I start from the most naive general form of such an action: $$S_{int} ~=~ \int_{4321} \sum_{\alpha \beta \gamma \delta} \bar \psi(4)_\alpha \bar \psi(3)_\beta \psi(2)_\gamma \psi(1)_\delta V(4,3,2,1)_{\alpha \beta \gamma \delta}$$

where the indices $1$ to $4$ stand for momenta and frequencies of my fermions.

Now I want to find the form $V$ must have in order to be $SU(2)$ symmetric. By transforming the fermion fields and demanding that the action must stay invariant under that, I can show that $V$ must transform as $$V_{\alpha' \beta' \gamma' \delta'} ~=~ \sum_{\alpha\beta\gamma\delta} R^\dagger_{\alpha \alpha'} R^\dagger_{\beta \beta'} R_{\gamma \gamma'} R_{\delta \delta} V_{\alpha \beta \gamma \delta}$$ where $R \in SU(2)$.

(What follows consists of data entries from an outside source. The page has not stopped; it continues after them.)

text \<open>
  Write \<open>\<psi> = \<phi> powr (-1/(p-1))\<close>, \<open>\<kappa> = \<psi>'/\<psi>\<close> and \<open>I t = \<integral>\<^sub>t\<^sup>a \<psi>\<close>. Then
  \<open>\<eta>' = \<psi> g / I\<^sup>2\<close> with \<open>g = \<psi> + \<kappa> I\<close>, and \<open>g' = \<kappa>' I > 0\<close> because log-concavity
  of \<open>\<phi>\<close> makes \<open>\<psi>\<close> strictly log-convex; so \<open>\<eta>'\<close> changes sign exactly once, where
  the increasing function \<open>g\<close> does, provided \<open>g\<close> takes both signs. Near \<open>a\<close>, \<open>I\<close> tends
  to 0 while \<open>\<psi>\<close> stays bounded below, so \<open>g > 0\<close>. Near 0, \<open>(I/\<psi>)' = -g/\<psi>\<close>: if \<open>g\<close>
  were nonnegative throughout, the positive function \<open>I/\<psi>\<close> would be nonincreasing,
  but the two power bounds on \<open>\<psi>\<close> force \<open>I t / \<psi> t = O(t)\<close>.
\<close>

lemma strict_mono_on_if_has_real_derivative_pos:
  fixes f f' :: "real \<Rightarrow> real"
  assumes "\<And>t. t \<in> {l<..<u} \<Longrightarrow> (f has_real_derivative f' t) (at t)"
    and "\<And>t. t \<in> {l<..<u} \<Longrightarrow> 0 < f' t"
  shows "strict_mono_on {l<..<u} f"
proof (rule strict_mono_onI)
  fix x y assume x: "x \<in> {l<..<u}" and y: "y \<in> {l<..<u}" and "x < y"
  show "f x < f y"
  proof (rule DERIV_pos_imp_increasing[OF \<open>x < y\<close>])
    fix z assume "x \<le> z" "z \<le> y"
    then have "z \<in> {l<..<u}"
      using x y by auto
    then show "\<exists>d. (f has_real_derivative d) (at z) \<and> 0 < d"
      using assms by blast
  qed
qed

lemma unique_sign_change_if_strict_mono:
  fixes f g :: "real \<Rightarrow> real"
  assumes mono: "strict_mono_on {l<..<u} g" and cont: "continuous_on {l<..<u} g"
    and x: "x \<in> {l<..<u}" "g x < 0" and y: "y \<in> {l<..<u}" "0 < g y"
    and sgn: "\<And>t. t \<in> {l<..<u} \<Longrightarrow> sgn (f t) = sgn (g t)"
  shows "\<exists>!T. T \<in> {l<..<u} \<and> (\<forall>t\<in>{l<..<T}. f t < 0) \<and> (\<forall>t\<in>{T<..<u}. 0 < f t)"
proof -
  have "x < y"
  proof (rule ccontr)
    assume "\<not> x < y"
    then have "g y \<le> g x"
      using strict_mono_on_leD[OF mono y(1) x(1)] by simp
    then show False
      using x y by simp
  qed
  moreover have "continuous_on {x..y} g"
    using x y by (intro continuous_on_subset[OF cont]) auto
  ultimately obtain T where T: "x \<le> T" "T \<le> y" "g T = 0"
    using IVT'[of g x 0 y] x y by auto
  have T_in: "T \<in> {l<..<u}"
    using T x y by auto
  have below: "f t < 0" if t: "t \<in> {l<..<T}" for t
  proof -
    have "t \<in> {l<..<u}"
      using t T_in by auto
    moreover have "g t < 0"
      using strict_mono_onD[OF mono _ T_in] t T_in T(3) by auto
    ultimately show ?thesis
      using sgn[of t] by (metis sgn_less)
  qed
  have above: "0 < f t" if t: "t \<in> {T<..<u}" for t
  proof -
    have "t \<in> {l<..<u}"
      using t T_in by auto
    moreover have "0 < g t"
      using strict_mono_onD[OF mono T_in] t T_in T(3) by auto
    ultimately show ?thesis
      using sgn[of t] by (metis sgn_greater)
  qed
  show ?thesis
  proof (rule ex1I[of _ T])
    show "T \<in> {l<..<u} \<and> (\<forall>t\<in>{l<..<T}. f t < 0) \<and> (\<forall>t\<in>{T<..<u}. 0 < f t)"
      using T_in below above by simp
  next
    fix T' assume T': "T' \<in> {l<..<u} \<and> (\<forall>t\<in>{l<..<T'}. f t < 0) \<and> (\<forall>t\<in>{T'<..<u}. 0 < f t)"
    let ?t = "(T + T') / 2"
    show "T' = T"
    proof (rule linorder_cases[of T' T])
      assume "T' < T"
      then have "?t \<in> {l<..<T}" "?t \<in> {T'<..<u}"
        using T_in T' by auto
      then have "f ?t < 0" "0 < f ?t"
        using below T' by blast+
      then show ?thesis
        by simp
    next
      assume "T < T'"
      then have "?t \<in> {T<..<u}" "?t \<in> {l<..<T'}"
        using T_in T' by auto
      then have "0 < f ?t" "f ?t < 0"
        using above T' by blast+
      then show ?thesis
        by simp
    qed
  qed
qed

lemma tail_integral_has_real_derivative:
  fixes f :: "real \<Rightarrow> real"
  assumes "continuous_on {l<..u} f" and t: "t \<in> {l<..<u}"
  shows "((\<lambda>s. integral {s..u} f) has_real_derivative - f t) (at t)"
proof -
  have "continuous_on {(l + t) / 2..u} f"
    by (rule continuous_on_subset[OF assms(1)]) (use t in auto)
  then have "((\<lambda>s. integral {s..u} f) has_real_derivative - f t) (at t within {(l + t) / 2..u})"
    by (rule integral_has_real_derivative') (use t in auto)
  moreover have "at t within {(l + t) / 2..u} = at t"
    using t by (intro at_within_interior) auto
  ultimately show ?thesis
    by simp
qed

lemma tail_integral_pos:
  fixes f :: "real \<Rightarrow> real"
  assumes "continuous_on {l<..u} f" and "\<And>s. s \<in> {l<..u} \<Longrightarrow> 0 < f s" and t: "t \<in> {l<..<u}"
  shows "0 < integral {t..u} f"
proof -
  have "integral {t..u} (\<lambda>_. 0) < integral {t..u} f"
    using t assms(2) by (intro integral_less_real continuous_on_subset[OF assms(1)]) auto
  then show ?thesis
    by simp
qed

lemma tail_integral_tendsto_0:
  fixes f :: "real \<Rightarrow> real"
  assumes "continuous_on {l<..u} f" and "l < u"
  shows "((\<lambda>t. integral {t..u} f) \<longlongrightarrow> 0) (at_left u)"
proof -
  let ?m = "(l + u) / 2"
  have "f integrable_on {?m..u}"
    using assms by (intro integrable_continuous_interval continuous_on_subset[OF assms(1)]) auto
  then have "continuous_on {?m..u} (\<lambda>t. integral {t..u} f)"
    by (rule indefinite_integral_continuous_1')
  moreover have "u \<in> {?m..u}"
    using assms(2) by auto
  ultimately have "((\<lambda>t. integral {t..u} f) \<longlongrightarrow> integral {u..u} f) (at u within {?m..u})"
    unfolding continuous_on_def by blast
  then show ?thesis
    using assms(2) by (simp add: at_within_Icc_at_left)
qed

lemma integral_le_powr_singular_bound:
  fixes f :: "real \<Rightarrow> real"
  assumes "0 < t" "t \<le> b" "0 < \<beta>" "0 \<le> K" "f integrable_on {t..b}"
    and le: "\<And>s. s \<in> {t..b} \<Longrightarrow> f s \<le> K * s powr (-1 - \<beta>)"
  shows "integral {t..b} f \<le> K / \<beta> * t powr (-\<beta>)"
proof -
  have "((\<lambda>s. - K / \<beta> * s powr (-\<beta>)) has_vector_derivative K * s powr (-1 - \<beta>))
      (at s within {t..b})" if "s \<in> {t..b}" for s
  proof -
    have "((\<lambda>s. - K / \<beta> * s powr (-\<beta>)) has_real_derivative
        - K / \<beta> * (-\<beta> * s powr (-\<beta> - 1))) (at s)"
      using that assms(1) by (intro DERIV_cmult has_real_derivative_powr) auto
    moreover have "s powr (-\<beta> - 1) = s powr (-1 - \<beta>)"
      by (rule arg_cong[where f = "\<lambda>x. s powr x"]) simp
    then have "- K / \<beta> * (-\<beta> * s powr (-\<beta> - 1)) = K * s powr (-1 - \<beta>)"
      using assms(3) by simp
    ultimately show ?thesis
      by (simp add: has_real_derivative_iff_has_vector_derivative has_vector_derivative_at_within)
  qed
  then have "((\<lambda>s. K * s powr (-1 - \<beta>)) has_integral
      - K / \<beta> * b powr (-\<beta>) - (- K / \<beta> * t powr (-\<beta>))) {t..b}"
    by (rule fundamental_theorem_of_calculus[OF assms(2)])
  then have "integral {t..b} f \<le> - K / \<beta> * b powr (-\<beta>) - (- K / \<beta> * t powr (-\<beta>))"
    by (rule has_integral_le[OF integrable_integral[OF assms(5)] _ le])
  also have "\<dots> \<le> K / \<beta> * t powr (-\<beta>)"
    using assms(3,4) by simp
  finally show ?thesis .
qed

locale singular_log_convex_weight =
  fixes \<psi> \<kappa> :: "real \<Rightarrow> real" and a \<beta> C K :: real
  assumes a_pos: "0 < a" and \<beta>_pos: "0 < \<beta>" and C_pos: "0 < C"
    and continuous: "continuous_on {0<..a} \<psi>"
    and lower_bound: "\<And>t. t \<in> {0<..a} \<Longrightarrow> C * t powr (-1 - \<beta>) \<le> \<psi> t"
    and upper_bound: "\<And>t. t \<in> {0<..a} \<Longrightarrow> \<psi> t \<le> K * t powr (-1 - \<beta>)"
    and weight_has_deriv: "\<And>t. t \<in> {0<..<a} \<Longrightarrow> (\<psi> has_real_derivative \<kappa> t * \<psi> t) (at t)"
    and logderiv_differentiable: "\<And>t. t \<in> {0<..<a} \<Longrightarrow> \<kappa> differentiable (at t)"
    and deriv_logderiv_pos: "\<And>t. t \<in> {0<..<a} \<Longrightarrow> 0 < deriv \<kappa> t"
begin

lemma weight_pos: "t \<in> {0<..a} \<Longrightarrow> 0 < \<psi> t"
  using lower_bound[of t] C_pos by (smt (verit) greaterThanAtMost_iff mult_pos_pos powr_gt_zero)

lemma K_pos: "0 < K"
proof -
  have "0 < K * a powr (-1 - \<beta>)"
    using weight_pos[of a] upper_bound[of a] a_pos by fastforce
  then show ?thesis
    by (simp add: zero_less_mult_iff)
qed

definition tail :: "real \<Rightarrow> real"
  where "tail t = integral {t..a} \<psi>"

definition sign_factor :: "real \<Rightarrow> real"
  where "sign_factor t = \<psi> t + \<kappa> t * tail t"

lemma tail_has_deriv: "t \<in> {0<..<a} \<Longrightarrow> (tail has_real_derivative - \<psi> t) (at t)"
  unfolding tail_def[abs_def] by (rule tail_integral_has_real_derivative[OF continuous])

lemma tail_pos: "t \<in> {0<..<a} \<Longrightarrow> 0 < tail t"
  unfolding tail_def by (rule tail_integral_pos[OF continuous weight_pos])

lemma logderiv_has_deriv: "t \<in> {0<..<a} \<Longrightarrow> (\<kappa> has_real_derivative deriv \<kappa> t) (at t)"
  using logderiv_differentiable by (simp add: DERIV_deriv_iff_real_differentiable)

lemma logderiv_strict_mono: "strict_mono_on {0<..<a} \<kappa>"
  using logderiv_has_deriv deriv_logderiv_pos by (rule strict_mono_on_if_has_real_derivative_pos)
definition relators :: "nat \<Rightarrow> fa set" where
  "relators n =
     {wd [T i, T i] - wd [] | i. 1 \<le> i \<and> i \<le> n - 1}
   \<union> {wd [T i, T (i+1), T i] - wd [T (i+1), T i, T (i+1)] | i. 1 \<le> i \<and> i + 1 \<le> n - 1}
   \<union> {wd [T i, T j, T i, T j] + wd [] | i j. 1 \<le> i \<and> i \<le> n - 1 \<and> 1 \<le> j \<and> j \<le> n - 1
                                        \<and> (i > j + 1 \<or> j > i + 1)}
   \<union> {wd [B i, B j] + wd [B j, B i] | i j. 1 \<le> i \<and> i \<le> n \<and> 1 \<le> j \<and> j \<le> n \<and> i \<noteq> j}
   \<union> {wd [T i, B i] + wd [B (i+1), T i] - wd [] | i. 1 \<le> i \<and> i \<le> n - 1}
   \<union> {wd [T j, B i] + wd [B i, T j] | i j. 1 \<le> i \<and> i \<le> n \<and> 1 \<le> j \<and> j \<le> n - 1
                                        \<and> i \<noteq> j \<and> i \<noteq> j + 1}"

inductive_set rel_ideal :: "nat \<Rightarrow> fa set" for n where
  rel: "r \<in> relators n \<Longrightarrow> r \<in> rel_ideal n"
| zero: "0 \<in> rel_ideal n"
| add: "x \<in> rel_ideal n \<Longrightarrow> y \<in> rel_ideal n \<Longrightarrow> x + y \<in> rel_ideal n"
| scale: "x \<in> rel_ideal n \<Longrightarrow> fscale c x \<in> rel_ideal n"
| lmul: "x \<in> rel_ideal n \<Longrightarrow> a \<in> free_alg n \<Longrightarrow> fmul a x \<in> rel_ideal n"
| rmul: "x \<in> rel_ideal n \<Longrightarrow> a \<in> free_alg n \<Longrightarrow> fmul x a \<in> rel_ideal n"

inductive_set comm_span :: "nat \<Rightarrow> fa set" for n where
  comm: "a \<in> free_alg n \<Longrightarrow> b \<in> free_alg n \<Longrightarrow> fmul a b - fmul b a \<in> comm_span n"
| zero: "0 \<in> comm_span n"
| add: "x \<in> comm_span n \<Longrightarrow> y \<in> comm_span n \<Longrightarrow> x + y \<in> comm_span n"
| scale: "x \<in> comm_span n \<Longrightarrow> fscale c x \<in> comm_span n"

(* For x in the free algebra, its image in H = free_alg / rel_ideal lies in [H,H]
   iff x lies in comm_span + rel_ideal. *)
definition in_commutator_H :: "nat \<Rightarrow> fa \<Rightarrow> bool" where
  "in_commutator_H n x \<longleftrightarrow> (\<exists>c\<in>comm_span n. \<exists>i\<in>rel_ideal n. x = c + i)"
lemma abs_simple_after_super_simple:
  assumes s: "abs_super_simple V E \<iota> n out s"
    and R: "io_simple_path V E \<iota> out k R" "a < length R" "R ! a = s" and "a \<le> c" "c < length R"
  shows "abs_simple V E \<iota> n out (R ! c)"
  unfolding abs_simple_def input_simple_def
proof
  fix j assume j: "j \<in> {1..n}"
  obtain Q where Q: "io_simple_path V E \<iota> out j Q" using io_simple_path_exists[OF j] .
  obtain i where i: "i < length Q" "Q ! i = s"
    using abs_super_simple_in_path[OF s j Q] by (auto simp: in_set_conv_nth)
  have "R ! c \<in> set (drop a R)" using assms(5,6) nth_mem[of "c - a" "drop a R"] by simp
  then show "\<exists>S. io_simple_path V E \<iota> out j S \<and> R ! c \<in> set S"
    using io_simple_path_splice[OF s j Q i R] by auto
qed

lemma dominated_postdominated_between:
  assumes s: "abs_super_simple V E \<iota> n out s" and t: "abs_super_simple V E \<iota> n out t"
    and "v \<in> V" "\<forall>j\<in>{1..n}. downstream E (\<iota> j) v" "\<not> abs_appendage V E \<iota> n out v"
    and "v \<noteq> s" "v \<noteq> t" "dominates s v" "postdominates t v"
  shows "between V E \<iota> n out s t v"
proof -
  obtain k R where k: "k \<in> {1..n}" and R: "io_simple_path V E \<iota> out k R" "v \<in> set R"
    using not_abs_appendage_imp_input_simple[OF assms(3-5)] unfolding input_simple_def by blast
  obtain c where c: "c < length R" "R ! c = v" using R(2) by (auto simp: in_set_conv_nth)
  obtain a where a: "a < length R" "R ! a = s"
    using abs_super_simple_in_path[OF s k R(1)] by (auto simp: in_set_conv_nth)
  obtain l where l: "l < length R" "R ! l = t"
    using abs_super_simple_in_path[OF t k R(1)] by (auto simp: in_set_conv_nth)
  have "a < c"
  proof (rule ccontr)
    assume "\<not> a < c"
    then have "c < a" using a c \<open>v \<noteq> s\<close> by (metis nat_neq_iff)
    then show False
      using io_simple_path_prefix_avoiding[OF R(1) a \<open>c < a\<close>] c k \<open>dominates s v\<close>
      unfolding dominates_def by auto
  qed
  moreover have "c < l"
  proof (rule ccontr)
    assume "\<not> c < l"
    then have "l < c" using l c \<open>v \<noteq> t\<close> by (metis nat_neq_iff)
    then show False
      using io_simple_path_suffix_avoiding[OF R(1) \<open>l < c\<close> c(1) l(2)] c \<open>postdominates t v\<close>
      unfolding postdominates_def by auto
  qed
  moreover have "abs_simple V E \<iota> n out v"
    using abs_simple_after_super_simple[OF s R(1) a, of c] \<open>a < c\<close> c by simp
  ultimately show ?thesis unfolding between_def using k R(1) a c l by blast
qed

lemma path_equiv_dominated_in_L_nodes:
  assumes s: "abs_super_simple V E \<iota> n out s" and t: "abs_super_simple V E \<iota> n out t"
    and m: "m \<in> {1..n}" and S: "io_simple_path V E \<iota> out m S"
    and vw: "path_equiv E (C_nodes V S) v w" and "dominates s w" "postdominates t w"
    and "\<forall>j\<in>{1..n}. downstream E (\<iota> j) w" and "\<not> abs_appendage V E \<iota> n out v"
  shows "abs_simple V E \<iota> n out v \<and> v \<in> L_nodes V E \<iota> n out s t \<and> \<not> abs_super_simple V E \<iota> n out v"
proof -
  have st: "s \<in> set S" "t \<in> set S" using abs_super_simple_in_path[OF _ m S] s t by blast+
  have "dominates s v" "postdominates t v"
    using assms(6,7) dominates_path_equiv_iff[OF vw st(1)] postdominates_path_equiv_iff[OF vw st(2)]
    by auto
  moreover have "\<forall>j\<in>{1..n}. downstream E (\<iota> j) v"
    using assms(8) path_equiv_downstream[OF path_equiv_sym[OF vw]] unfolding downstream_def
    by (meson rtrancl_trans)
  moreover have "v \<in> V" "v \<notin> set S" using vw unfolding path_equiv_def C_nodes_def by auto
  ultimately have "between V E \<iota> n out s t v"
    using dominated_postdominated_between[OF s t] st assms(9) by blast
  then show ?thesis
    using \<open>v \<notin> set S\<close> abs_super_simple_in_path[OF _ m S]
    unfolding L_nodes_def between_def by blast
qed
(* Let $\otimes$ be a uninorm on $[0,1]$ and $\neg$ a strong negation function. Then $(\otimes,\Phi^{\neg}(\otimes))$ satisfies the rearrangement inequality if and only if $(\otimes,\Phi^{\neg}(\otimes))$ satisfies the dual rearrangement inequality.
   Context: A uninorm is a function $\otimes:[0,1]^2\to[0,1]$ that is commutative, associative, monotonic (for all $x,y,z\in[0,1]$, $x\leq y$ implies $x\otimes z\leq y\otimes z$), and has an identity element $e\in[0,1]$ ($x\otimes e=x$ for all $x$). A negation is a monotonically nonincreasing function $\neg:[0,1]\to[0,1]$ with $\neg(0)=1$, $\neg(1)=0$; it is strong if it is strictly monotone and involutive. For $f:[0,1]^2\to[0,1]$, $\Phi^{\neg}(f)(x,y)=\neg(f(\neg x,\neg y))$. For uninorms $\otimes,\oplus$, the pair $(\otimes,\oplus)$ satisfies the rearrangement inequality if for every $n\geq1$, all $0\leq x_1\leq\cdots\leq x_n\leq 1$, $0\leq y_1\leq\cdots\leq y_n\leq 1$ and every permutation $\sigma$ of $\{1,\dots,n\}$, $$(x_n\otimes y_1)\oplus\cdots\oplus(x_1\otimes y_n)\leq (x_{\sigma(1)}\otimes y_1)\oplus\cdots\oplus(x_{\sigma(n)}\otimes y_n)\leq (x_1\otimes y_1)\oplus\cdots\oplus(x_n\otimes y_n),$$ and satisfies the dual rearrangement inequality if for all such data $$(x_n\oplus y_1)\otimes\cdots\otimes(x_1\oplus y_n)\geq (x_{\sigma(1)}\oplus y_1)\otimes\cdots\otimes(x_{\sigma(n)}\oplus y_n)\geq (x_1\oplus y_1)\otimes\cdots\otimes(x_n\oplus y_n).$$ *)

theory Defs
  imports Complex_Main "HOL-Combinatorics.Permutations"
begin

text \<open>Binary operations on the unit interval are modelled as functions real => real => real;
  only their values on [0,1] matter.\<close>

definition uninorm :: "(real \<Rightarrow> real \<Rightarrow> real) \<Rightarrow> bool" where
  "uninorm f \<longleftrightarrow>
     (\<forall>x\<in>{0..1}. \<forall>y\<in>{0..1}. f x y \<in> {0..1}) \<and>
     (\<forall>x\<in>{0..1}. \<forall>y\<in>{0..1}. f x y = f y x) \<and>
     (\<forall>x\<in>{0..1}. \<forall>y\<in>{0..1}. \<forall>z\<in>{0..1}. f (f x y) z = f x (f y z)) \<and>
     (\<forall>x\<in>{0..1}. \<forall>y\<in>{0..1}. \<forall>z\<in>{0..1}. x \<le> y \<longrightarrow> f x z \<le> f y z) \<and>
     (\<exists>e\<in>{0..1}. \<forall>x\<in>{0..1}. f x e = x)"

definition negation :: "(real \<Rightarrow> real) \<Rightarrow> bool" where
  "negation N \<longleftrightarrow>
     (\<forall>x\<in>{0..1}. N x \<in> {0..1}) \<and>
     (\<forall>x\<in>{0..1}. \<forall>y\<in>{0..1}. x \<le> y \<longrightarrow> N y \<le> N x) \<and>
     N 0 = 1 \<and> N 1 = 0"

definition strong_negation :: "(real \<Rightarrow> real) \<Rightarrow> bool" where
  "strong_negation N \<longleftrightarrow> negation N \<and>
     (\<forall>x\<in>{0..1}. \<forall>y\<in>{0..1}. x < y \<longrightarrow> N y < N x) \<and>
     (\<forall>x\<in>{0..1}. N (N x) = x)"

definition Phi :: "(real \<Rightarrow> real) \<Rightarrow> (real \<Rightarrow> real \<Rightarrow> real) \<Rightarrow> real \<Rightarrow> real \<Rightarrow> real" where
  "Phi N f x y = N (f (N x) (N y))"

definition bigop :: "(real \<Rightarrow> real \<Rightarrow> real) \<Rightarrow> (nat \<Rightarrow> real) \<Rightarrow> nat \<Rightarrow> real" where
  "bigop op t n = foldl op (t 1) (map t [2..<Suc n])"

definition sorted_unit :: "(nat \<Rightarrow> real) \<Rightarrow> nat \<Rightarrow> bool" where
  "sorted_unit x n \<longleftrightarrow> (\<forall>i\<in>{1..n}. 0 \<le> x i \<and> x i \<le> 1) \<and>
     (\<forall>i j. 1 \<le> i \<longrightarrow> i \<le> j \<longrightarrow> j \<le> n \<longrightarrow> x i \<le> x j)"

Well, and now I'm stuck continuing from here. Using some handwaving I think I could argue that $V$ must preserve total spin and also total spin in $z$-direction I could probably argue that $V$ can only scatter triplets to triplets, singlets to singlets, and also can't change the $z$-component of the triplet, but I would rather use a more rigorous approach.

Which will probably involve irreducible representations? I could probably get to the singlet/triplet statement above by noting that $SU(2)$ will transform multiplets into the same multiplet, so the singlet would be invariant under $SU(2)$ and the triplets would somehow mix. But why is it appropriate then to look at an "ingoing" singlet or "ingoing" triplet formed by indices $\gamma$ and $\delta$ as opposed to forming such states with, e.g., indices $\alpha$ and $\gamma$?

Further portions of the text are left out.